## What you have to do
Where a line of the data below has the string "lambda", copy that line.

(Data excerpts)
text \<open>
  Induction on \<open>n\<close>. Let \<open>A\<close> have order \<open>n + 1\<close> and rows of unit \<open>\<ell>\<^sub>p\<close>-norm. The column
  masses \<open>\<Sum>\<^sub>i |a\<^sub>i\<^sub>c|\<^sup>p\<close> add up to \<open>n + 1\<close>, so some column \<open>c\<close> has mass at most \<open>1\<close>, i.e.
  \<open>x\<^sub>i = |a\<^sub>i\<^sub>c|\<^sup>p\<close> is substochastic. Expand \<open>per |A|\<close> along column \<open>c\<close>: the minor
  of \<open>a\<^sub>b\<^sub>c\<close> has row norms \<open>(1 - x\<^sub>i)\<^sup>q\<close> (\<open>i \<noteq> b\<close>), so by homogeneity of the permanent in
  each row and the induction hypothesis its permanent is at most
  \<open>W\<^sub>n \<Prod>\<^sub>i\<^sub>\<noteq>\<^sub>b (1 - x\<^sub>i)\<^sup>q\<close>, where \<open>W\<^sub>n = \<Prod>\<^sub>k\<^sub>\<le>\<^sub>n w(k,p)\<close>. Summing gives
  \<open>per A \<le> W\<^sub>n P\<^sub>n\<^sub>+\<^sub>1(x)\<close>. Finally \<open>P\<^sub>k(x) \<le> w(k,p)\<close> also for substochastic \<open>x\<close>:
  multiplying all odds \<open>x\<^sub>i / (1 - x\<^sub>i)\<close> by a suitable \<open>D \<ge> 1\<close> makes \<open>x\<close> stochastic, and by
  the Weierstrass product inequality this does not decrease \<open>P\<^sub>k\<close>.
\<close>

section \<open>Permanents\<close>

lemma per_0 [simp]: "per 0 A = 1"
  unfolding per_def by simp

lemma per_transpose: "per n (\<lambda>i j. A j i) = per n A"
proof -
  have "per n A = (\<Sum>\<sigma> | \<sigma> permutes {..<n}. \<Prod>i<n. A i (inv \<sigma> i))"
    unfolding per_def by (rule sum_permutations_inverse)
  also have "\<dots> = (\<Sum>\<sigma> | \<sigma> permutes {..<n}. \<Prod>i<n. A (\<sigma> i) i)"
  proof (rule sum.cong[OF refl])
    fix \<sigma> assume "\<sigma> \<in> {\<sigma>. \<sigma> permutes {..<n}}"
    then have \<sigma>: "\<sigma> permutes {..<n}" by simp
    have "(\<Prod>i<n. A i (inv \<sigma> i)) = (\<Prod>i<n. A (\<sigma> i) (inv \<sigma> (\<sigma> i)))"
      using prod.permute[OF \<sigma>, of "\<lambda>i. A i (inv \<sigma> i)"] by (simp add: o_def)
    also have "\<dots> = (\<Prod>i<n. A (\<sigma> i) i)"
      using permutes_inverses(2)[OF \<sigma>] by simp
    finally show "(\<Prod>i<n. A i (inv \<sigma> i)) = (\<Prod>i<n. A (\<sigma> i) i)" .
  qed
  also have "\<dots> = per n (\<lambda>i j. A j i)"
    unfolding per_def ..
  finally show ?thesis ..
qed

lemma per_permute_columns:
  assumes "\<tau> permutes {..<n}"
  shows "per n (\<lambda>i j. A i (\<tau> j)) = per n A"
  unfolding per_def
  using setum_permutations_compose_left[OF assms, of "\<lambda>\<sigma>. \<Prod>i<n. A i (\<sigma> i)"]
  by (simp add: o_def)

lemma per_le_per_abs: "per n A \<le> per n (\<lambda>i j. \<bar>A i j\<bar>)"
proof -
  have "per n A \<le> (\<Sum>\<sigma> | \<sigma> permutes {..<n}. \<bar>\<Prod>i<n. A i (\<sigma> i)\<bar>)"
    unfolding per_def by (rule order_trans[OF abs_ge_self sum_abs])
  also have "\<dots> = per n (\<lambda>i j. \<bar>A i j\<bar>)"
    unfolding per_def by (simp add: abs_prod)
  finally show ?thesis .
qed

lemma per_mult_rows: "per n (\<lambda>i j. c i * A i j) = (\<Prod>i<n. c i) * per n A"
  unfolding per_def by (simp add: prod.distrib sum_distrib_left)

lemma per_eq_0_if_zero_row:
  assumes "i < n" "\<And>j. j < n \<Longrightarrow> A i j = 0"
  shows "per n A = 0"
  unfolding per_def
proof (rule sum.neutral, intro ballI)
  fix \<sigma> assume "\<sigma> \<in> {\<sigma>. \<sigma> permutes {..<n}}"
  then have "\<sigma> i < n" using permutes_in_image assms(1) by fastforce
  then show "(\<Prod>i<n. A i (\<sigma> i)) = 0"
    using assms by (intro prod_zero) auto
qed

...

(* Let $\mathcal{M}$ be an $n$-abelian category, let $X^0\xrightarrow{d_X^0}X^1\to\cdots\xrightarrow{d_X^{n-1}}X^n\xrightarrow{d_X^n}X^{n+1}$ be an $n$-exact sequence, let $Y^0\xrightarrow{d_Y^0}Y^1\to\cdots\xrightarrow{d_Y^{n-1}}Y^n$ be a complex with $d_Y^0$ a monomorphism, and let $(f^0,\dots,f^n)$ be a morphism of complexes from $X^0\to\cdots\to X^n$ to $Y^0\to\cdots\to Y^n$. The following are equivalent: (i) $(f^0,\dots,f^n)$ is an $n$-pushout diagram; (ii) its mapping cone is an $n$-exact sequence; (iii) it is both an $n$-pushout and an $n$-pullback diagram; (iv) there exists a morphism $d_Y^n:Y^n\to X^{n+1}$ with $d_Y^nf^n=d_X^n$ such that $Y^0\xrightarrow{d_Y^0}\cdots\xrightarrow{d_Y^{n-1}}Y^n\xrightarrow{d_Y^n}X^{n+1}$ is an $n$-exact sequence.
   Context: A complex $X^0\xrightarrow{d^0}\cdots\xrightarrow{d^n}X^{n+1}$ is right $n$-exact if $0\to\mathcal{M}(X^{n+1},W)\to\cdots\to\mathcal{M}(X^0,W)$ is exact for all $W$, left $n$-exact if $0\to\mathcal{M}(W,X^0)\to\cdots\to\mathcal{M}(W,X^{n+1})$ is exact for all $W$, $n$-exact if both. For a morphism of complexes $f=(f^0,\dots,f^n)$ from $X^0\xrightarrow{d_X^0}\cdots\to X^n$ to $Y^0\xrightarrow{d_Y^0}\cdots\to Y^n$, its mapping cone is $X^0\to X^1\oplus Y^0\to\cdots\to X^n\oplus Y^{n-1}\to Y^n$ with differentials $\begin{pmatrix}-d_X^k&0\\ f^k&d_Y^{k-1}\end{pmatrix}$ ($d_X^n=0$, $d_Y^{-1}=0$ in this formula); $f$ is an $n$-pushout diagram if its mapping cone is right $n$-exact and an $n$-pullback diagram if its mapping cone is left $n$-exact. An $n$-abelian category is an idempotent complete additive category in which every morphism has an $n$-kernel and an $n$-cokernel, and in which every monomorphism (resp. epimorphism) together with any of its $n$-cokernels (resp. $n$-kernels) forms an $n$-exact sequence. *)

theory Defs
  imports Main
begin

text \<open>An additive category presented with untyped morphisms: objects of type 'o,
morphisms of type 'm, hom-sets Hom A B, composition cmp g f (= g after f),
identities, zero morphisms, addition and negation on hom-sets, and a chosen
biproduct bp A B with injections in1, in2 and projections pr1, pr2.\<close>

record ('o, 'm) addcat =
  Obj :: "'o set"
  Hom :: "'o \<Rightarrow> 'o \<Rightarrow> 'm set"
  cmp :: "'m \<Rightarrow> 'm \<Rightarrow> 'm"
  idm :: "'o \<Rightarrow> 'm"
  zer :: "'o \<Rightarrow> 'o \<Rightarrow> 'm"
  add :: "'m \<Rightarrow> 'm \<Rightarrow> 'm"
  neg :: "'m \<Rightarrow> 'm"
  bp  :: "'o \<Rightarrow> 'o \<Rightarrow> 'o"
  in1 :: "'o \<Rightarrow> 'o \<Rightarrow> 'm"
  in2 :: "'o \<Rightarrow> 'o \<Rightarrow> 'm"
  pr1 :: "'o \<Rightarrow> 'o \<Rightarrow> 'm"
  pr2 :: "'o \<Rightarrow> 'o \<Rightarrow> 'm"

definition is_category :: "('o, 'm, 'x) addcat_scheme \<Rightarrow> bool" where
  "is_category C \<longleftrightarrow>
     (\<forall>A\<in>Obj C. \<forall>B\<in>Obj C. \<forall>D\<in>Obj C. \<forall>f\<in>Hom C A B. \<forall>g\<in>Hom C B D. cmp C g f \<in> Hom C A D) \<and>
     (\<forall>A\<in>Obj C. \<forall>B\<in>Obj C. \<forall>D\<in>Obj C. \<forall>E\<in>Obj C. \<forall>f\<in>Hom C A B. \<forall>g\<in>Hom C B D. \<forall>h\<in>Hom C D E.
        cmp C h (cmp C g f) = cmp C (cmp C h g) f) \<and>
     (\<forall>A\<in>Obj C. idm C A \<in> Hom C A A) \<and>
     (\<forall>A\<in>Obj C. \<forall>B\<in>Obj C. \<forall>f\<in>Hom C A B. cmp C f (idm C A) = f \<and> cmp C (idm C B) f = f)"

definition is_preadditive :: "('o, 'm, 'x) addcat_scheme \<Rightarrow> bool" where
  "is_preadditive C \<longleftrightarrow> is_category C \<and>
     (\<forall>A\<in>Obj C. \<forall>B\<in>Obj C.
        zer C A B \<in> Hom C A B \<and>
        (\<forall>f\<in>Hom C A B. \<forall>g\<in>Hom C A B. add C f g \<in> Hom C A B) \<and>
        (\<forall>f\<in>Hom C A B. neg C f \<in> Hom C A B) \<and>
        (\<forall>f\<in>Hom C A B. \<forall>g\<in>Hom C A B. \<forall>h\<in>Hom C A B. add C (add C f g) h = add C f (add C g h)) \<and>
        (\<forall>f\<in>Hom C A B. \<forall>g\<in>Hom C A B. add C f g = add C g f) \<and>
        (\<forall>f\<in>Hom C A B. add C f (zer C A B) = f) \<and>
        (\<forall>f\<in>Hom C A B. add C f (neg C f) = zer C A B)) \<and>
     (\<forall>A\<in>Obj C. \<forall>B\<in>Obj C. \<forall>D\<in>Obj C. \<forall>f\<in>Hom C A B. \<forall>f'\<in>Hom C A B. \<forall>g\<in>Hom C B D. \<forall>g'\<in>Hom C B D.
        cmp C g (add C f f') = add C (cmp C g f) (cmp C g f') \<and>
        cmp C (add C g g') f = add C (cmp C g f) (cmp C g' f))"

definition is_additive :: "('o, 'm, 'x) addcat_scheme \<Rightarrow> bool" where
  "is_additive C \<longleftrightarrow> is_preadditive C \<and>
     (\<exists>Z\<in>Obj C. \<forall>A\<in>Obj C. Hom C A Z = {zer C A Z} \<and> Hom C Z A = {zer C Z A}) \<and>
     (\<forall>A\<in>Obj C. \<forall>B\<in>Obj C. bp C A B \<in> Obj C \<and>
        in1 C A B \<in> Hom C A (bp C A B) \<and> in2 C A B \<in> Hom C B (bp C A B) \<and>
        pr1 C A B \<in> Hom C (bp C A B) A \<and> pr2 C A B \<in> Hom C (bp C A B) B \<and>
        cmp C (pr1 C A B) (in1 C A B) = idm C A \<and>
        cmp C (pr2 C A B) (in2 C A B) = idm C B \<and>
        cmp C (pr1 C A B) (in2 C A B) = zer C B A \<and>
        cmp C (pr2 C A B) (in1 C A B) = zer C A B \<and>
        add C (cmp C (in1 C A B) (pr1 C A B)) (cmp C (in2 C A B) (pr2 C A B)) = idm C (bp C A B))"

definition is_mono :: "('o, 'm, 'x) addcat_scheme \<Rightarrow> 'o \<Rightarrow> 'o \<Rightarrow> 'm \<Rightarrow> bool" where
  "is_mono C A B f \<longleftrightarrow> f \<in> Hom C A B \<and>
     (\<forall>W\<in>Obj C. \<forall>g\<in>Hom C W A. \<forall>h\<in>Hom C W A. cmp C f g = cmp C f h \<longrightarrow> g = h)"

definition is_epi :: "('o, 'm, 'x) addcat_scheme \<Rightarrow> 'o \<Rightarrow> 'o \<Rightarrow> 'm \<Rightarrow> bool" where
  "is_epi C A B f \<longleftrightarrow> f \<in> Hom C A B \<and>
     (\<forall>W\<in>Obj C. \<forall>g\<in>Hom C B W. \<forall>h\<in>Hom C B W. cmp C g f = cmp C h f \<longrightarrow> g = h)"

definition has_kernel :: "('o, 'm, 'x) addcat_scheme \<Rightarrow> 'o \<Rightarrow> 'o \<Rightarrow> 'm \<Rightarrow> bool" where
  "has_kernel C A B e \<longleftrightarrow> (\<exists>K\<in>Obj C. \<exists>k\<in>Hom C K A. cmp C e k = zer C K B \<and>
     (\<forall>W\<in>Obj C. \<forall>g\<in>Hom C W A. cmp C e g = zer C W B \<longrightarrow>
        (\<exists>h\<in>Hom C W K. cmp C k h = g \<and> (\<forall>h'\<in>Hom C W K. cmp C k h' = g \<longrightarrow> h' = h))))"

## Exercise result
lemma per_transpose: "per n (\<lambda>i j. A j i) = per n A"
      using prod.permute[OF \<sigma>, of "\<lambda>i. A i (inv \<sigma> i)"] by (simp add: o_def)
  also have "\<dots> = per n (\<lambda>i j. A j i)"
  shows "per n (\<lambda>i j. A i (\<tau> j)) = per n A"
  using setum_permutations_compose_left[OF assms, of "\<lambda>\<sigma>. \<Prod>i<n. A i (\<sigma> i)"]
lemma per_le_per_abs: "per n A \<le> per n (\<lambda>i j. \<bar>A i j\<bar>)"
  also have "\<dots> = per n (\<lambda>i j. \<bar>A i j\<bar>)"
lemma per_mult_rows: "per n (\<lambda>i j. c i * A i j) = (\<Prod>i<n. c i) * per n A"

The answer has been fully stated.